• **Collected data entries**
(* Let $n$ be a positive integer and let $u:\{-n,\dots,n\}\to\mathbb{R}$ satisfy $u(j)=u(-j)$ for all $j$, $\sum_{j=-n}^{n}u(j)=1$, and $\widehat{u}(\xi)\ge 0$ for all $\xi\in\mathbb{T}$. Then $$\sup_{0\neq f\in\ell^2(\mathbb{Z})}\frac{\|\nabla^{4}(u\ast f)\|_{\ell^2(\mathbb{Z})}}{\|f\|_{\ell^2(\mathbb{Z})}}\ \ge\ \frac{2^6}{(n+2)^2}\tan^2\!\left(\frac{\pi}{2n+4}\right).$$ Moreover, equality holds if and only if for every $m\in\{0,\dots,n\}$, $$u(m)=u(-m)=\frac{1}{\pi}\int_{-1}^{1}S_n(x)T_m(x)\frac{dx}{\sqrt{1-x^2}},$$ where $$S_n(x)=\frac{8}{(n+2)^2}\tan^2\!\left(\frac{\pi}{2n+4}\right)\frac{1}{(1-x)^2}\left(1+T_{n+2}\!\left(\frac{1+\cos(\pi/(n+2))}{2}(x+1)-1\right)\right)$$ (a polynomial of degree $n$).
   Context: Functions on $\{-n,\dots,n\}$ are regarded as functions on $\mathbb{Z}$ vanishing outside it. $\nabla g(k)=g(k+1)-g(k)$, $\nabla^{\ell}=\nabla(\nabla^{\ell-1})$; $(u\ast f)(k)=\sum_j u(j)f(k-j)$; $\mathbb{T}=\mathbb{R}/2\pi\mathbb{Z}$; $\widehat{u}(\xi)=\sum_k u(k)e^{-ik\xi}$. $T_m$ denotes the Chebyshev polynomial of the first kind of degree $m$, $T_m(\cos\theta)=\cos(m\theta)$. The supremum is over nonzero $f\in\ell^2(\mathbb{Z})$. *)

theory Defs
  imports "HOL-Analysis.Analysis"
begin

fun cheb_T :: "nat \<Rightarrow> real \<Rightarrow> real" where
  "cheb_T 0 x = 1"
| "cheb_T (Suc 0) x = x"
| "cheb_T (Suc (Suc m)) x = 2 * x * cheb_T (Suc m) x - cheb_T m x"

definition nabla :: "(int \<Rightarrow> real) \<Rightarrow> int \<Rightarrow> real" where
  "nabla g k = g (k + 1) - g k"

definition nabla_pow :: "nat \<Rightarrow> (int \<Rightarrow> real) \<Rightarrow> int \<Rightarrow> real" where
  "nabla_pow l = nabla ^^ l"

definition conv :: "nat \<Rightarrow> (int \<Rightarrow> real) \<Rightarrow> (int \<Rightarrow> real) \<Rightarrow> int \<Rightarrow> real" where
  "conv n u f k = (\<Sum>j = - int n .. int n. u j * f (k - j))"

definition fourier :: "nat \<Rightarrow> (int \<Rightarrow> real) \<Rightarrow> real \<Rightarrow> complex" where
  "fourier n u \<xi> = (\<Sum>k = - int n .. int n. complex_of_real (u k) * exp (- \<i> * of_int k * of_real \<xi>))"

definition in_l2 :: "(int \<Rightarrow> real) \<Rightarrow> bool" where
  "in_l2 f \<longleftrightarrow> (\<lambda>k. (f k)\<^sup>2) summable_on UNIV"

definition l2norm :: "(int \<Rightarrow> real) \<Rightarrow> real" where
  "l2norm f = sqrt (\<Sum>\<^sub>\<infinity>k. (f k)\<^sup>2)"

definition op_sup :: "nat \<Rightarrow> (int \<Rightarrow> real) \<Rightarrow> real" where
  "op_sup n u = Sup {l2norm (nabla_pow 4 (conv n u f)) / l2norm f | f. in_l2 f \<and> f \<noteq> (\<lambda>_. 0)}"

definition S_poly :: "nat \<Rightarrow> real \<Rightarrow> real" where
  "S_poly n x = 8 / (real n + 2)\<^sup>2 * (tan (pi / (2 * real n + 4)))\<^sup>2 * (1 / (1 - x)\<^sup>2)
     * (1 + cheb_T (n + 2) ((1 + cos (pi / (real n + 2))) / 2 * (x + 1) - 1))"

end

theory Submission
  imports Defs "HOL-Computational_Algebra.Polynomial"
begin

text \<open>
  The operator \<open>f \<mapsto> nabla^4 (u * f)\<close> is a Fourier multiplier with symbol
  \<open>(e^(it) - 1)^4 hat u (t)\<close>: Parseval's identity bounds its norm by the supremum of the symbol,
  and long truncated plane waves show that this supremum is attained.  For symmetric \<open>u\<close>,
  \<open>hat u (t) = p (cos t)\<close> for a polynomial \<open>p\<close> of degree at most \<open>n\<close> with \<open>p 1 = 1\<close> and
  \<open>p \<ge> 0\<close> on \<open>[-1, 1]\<close>, so the norm is the maximum of \<open>(2 - 2x)^2 p x\<close> over \<open>[-1, 1]\<close>.

  The polynomial \<open>S_n\<close> satisfies
  \<open>(1 - x)^2 S_n x = c (1 + T_(n+2) (alpha (x + 1) - 1))\<close>, which equioscillates between
  \<open>0\<close> and \<open>2 c\<close> at \<open>n + 1\<close> nodes in \<open>[-1, 1)\<close>.  If \<open>p\<close> did at least as well as \<open>S_n\<close>,
  then \<open>S_n - p\<close> would alternate in sign at these nodes and vanish at \<open>1\<close>; by Lagrange
  interpolation it is then zero.  Finally, \<open>p\<close> is determined by its Chebyshev coefficients,
  which are the values \<open>u m\<close>.
\<close>

section \<open>Chebyshev polynomials\<close>

lemma cheb_T_cos: "cheb_T m (cos t) = cos (real m * t)"
proof (induction m "cos t" rule: cheb_T.induct)
  case (3 m)
  have "cos (real (Suc (Suc m)) * t) = 2 * cos t * cos (real (Suc m) * t) - cos (real m * t)"
    using cos_add[of "real (Suc m) * t" t] cos_diff[of "real (Suc m) * t" t]
    by (simp add: algebra_simps distrib_right)
  then show ?case using 3 by simp
qed simp_all

lemma abs_cheb_T_le_one: "\<bar>x\<bar> \<le> 1 \<Longrightarrow> \<bar>cheb_T m x\<bar> \<le> 1"
  using cheb_T_cos[of m "arccos x"] by simp

lemma cheb_T_one [simp]: "cheb_T m 1 = 1"
  using cheb_T_cos[of m 0] by simp

fun cheb_poly :: "nat \<Rightarrow> real poly" where
  "cheb_poly 0 = 1"
| "cheb_poly (Suc 0) = [:0, 1:]"
| "cheb_poly (Suc (Suc m)) = [:0, 2:] * cheb_poly (Suc m) - cheb_poly m"

lemma poly_cheb_poly [simp]: "poly (cheb_poly m) x = cheb_T m x"
  by (induction m rule: cheb_poly.induct) auto

lemma degree_cheb_poly [simp]: "degree (cheb_poly m) = m"
proof -
  have "degree (cheb_poly m) = m \<and> coeff (cheb_poly m) m \<noteq> 0"
  proof (induction m rule: cheb_poly.induct)
    case (3 m)
    have "degree ([:0, 2:] * cheb_poly (Suc m)) \<le> Suc (Suc m)"
      using degree_mult_le[of "[:0,2:]" "cheb_poly (Suc m)"] 3 by simp
    moreover have "degree (cheb_poly m) \<le> Suc (Suc m)"
      using 3 by simp
    ultimately have "degree (cheb_poly (Suc (Suc m))) \<le> Suc (Suc m)"
      unfolding cheb_poly.simps by (rule degree_diff_le)
    moreover have "coeff (cheb_poly (Suc (Suc m))) (Suc (Suc m)) \<noteq> 0"
      using 3 by (simp add: coeff_eq_0)
    ultimately show ?case using le_degree le_antisym by blast
  qed simp_all
  then show ?thesis ..
qed

lemma cheb_expansion_exists:
  fixes P :: "real poly"
  assumes "degree P \<le> d"
  shows "\<exists>c. P = (\<Sum>j\<le>d. smult (c j) (cheb_poly j))"
  using assms
proof (induction d arbitrary: P)
  case 0
  then obtain a where "P = [:a:]" by (metis degree_0_id le_zero_eq)
  then show ?case by (intro exI[of _ "\<lambda>_. a"]) simp
next
  case (Suc d)
  define a where "a = coeff P (Suc d) / lead_coeff (cheb_poly (Suc d))"
  have "cheb_poly (Suc d) \<noteq> 0"
    by (metis poly_0 poly_cheb_poly cheb_T_one zero_neq_one)
  then have lc: "coeff (cheb_poly (Suc d)) (Suc d) \<noteq> 0"
    using leading_coeff_neq_0 by fastforce
  have "coeff (P - smult a (cheb_poly (Suc d))) i = 0" if "d < i" for i
  proof (cases "i = Suc d")
    case True
    then show ?thesis using lc by (simp add: a_def)
  next
    case False
    then show ?thesis using that Suc.prems by (simp add: coeff_eq_0)
  qed
  then have "degree (P - smult a (cheb_poly (Suc d))) \<le> d"
    by (intro degree_le) auto
  then obtain c where c: "P - smult a (cheb_poly (Suc d)) = (\<Sum>j\<le>d. smult (c j) (cheb_poly j))"
    using Suc.IH by blast
  have "P = (\<Sum>j\<le>Suc d. smult ((c(Suc d := a)) j) (cheb_poly j))"
    using c by (simp add: algebra_simps)
  then show ?case by blast
qed

lemma cos_mult_cos_antiderivative:
  obtains G where "\<And>t. (G has_real_derivative cos (real j * t) * cos (real m * t)) (at t)"
    and "G pi - G 0 = (if j = m then (if m = 0 then pi else pi / 2) else 0)"
proof -
  define A :: "int \<Rightarrow> real \<Rightarrow> real"
    where "A k t = (if k = 0 then t else sin (of_int k * t) / of_int k)" for k t
  have A': "(A k has_real_derivative cos (of_int k * t)) (at t)" for k t
    unfolding A_def by (cases "k = 0") (auto intro!: derivative_eq_intros)
  have A_pi: "A k pi - A k 0 = (if k = 0 then pi else 0)" for k
    using sin_times_pi_eq_0[of "of_int k"] by (simp add: A_def mult.commute)
  define G where "G t = (A (int j - int m) t + A (int j + int m) t) / 2" for t
  show thesis
  proof (rule that[of G])
    fix t
    have "cos (real j * t) * cos (real m * t)
        = (cos (of_int (int j - int m) * t) + cos (of_int (int j + int m) * t)) / 2"
      using cos_add[of "real j * t" "real m * t"] cos_diff[of "real j * t" "real m * t"]
      by (simp add: algebra_simps)
    then show "(G has_real_derivative cos (real j * t) * cos (real m * t)) (at t)"
      unfolding G_def by (auto intro!: derivative_eq_intros A')
  next
    show "G pi - G 0 = (if j = m then (if m = 0 then pi else pi / 2) else 0)"
      using A_pi[of "int j - int m"] A_pi[of "int j + int m"]
      by (auto simp: G_def field_simps)
  qed
qed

• **HOW TO COMPLETE THIS TASK**
Could you return exactly the stretch of the data above that starts at the line with "proof (induction m rule: cheb_poly.induct)" and ends at the line with "using 3 by (simp add: coeff_eq_0)", both lines included?

• **EXERCISE RESPONSE**
  proof (induction m rule: cheb_poly.induct)
    case (3 m)
    have "degree ([:0, 2:] * cheb_poly (Suc m)) \<le> Suc (Suc m)"
      using degree_mult_le[of "[:0,2:]" "cheb_poly (Suc m)"] 3 by simp
    moreover have "degree (cheb_poly m) \<le> Suc (Suc m)"
      using 3 by simp
    ultimately have "degree (cheb_poly (Suc (Suc m))) \<le> Suc (Suc m)"
      unfolding cheb_poly.simps by (rule degree_diff_le)
    moreover have "coeff (cheb_poly (Suc (Suc m))) (Suc (Suc m)) \<noteq> 0"
      using 3 by (simp add: coeff_eq_0)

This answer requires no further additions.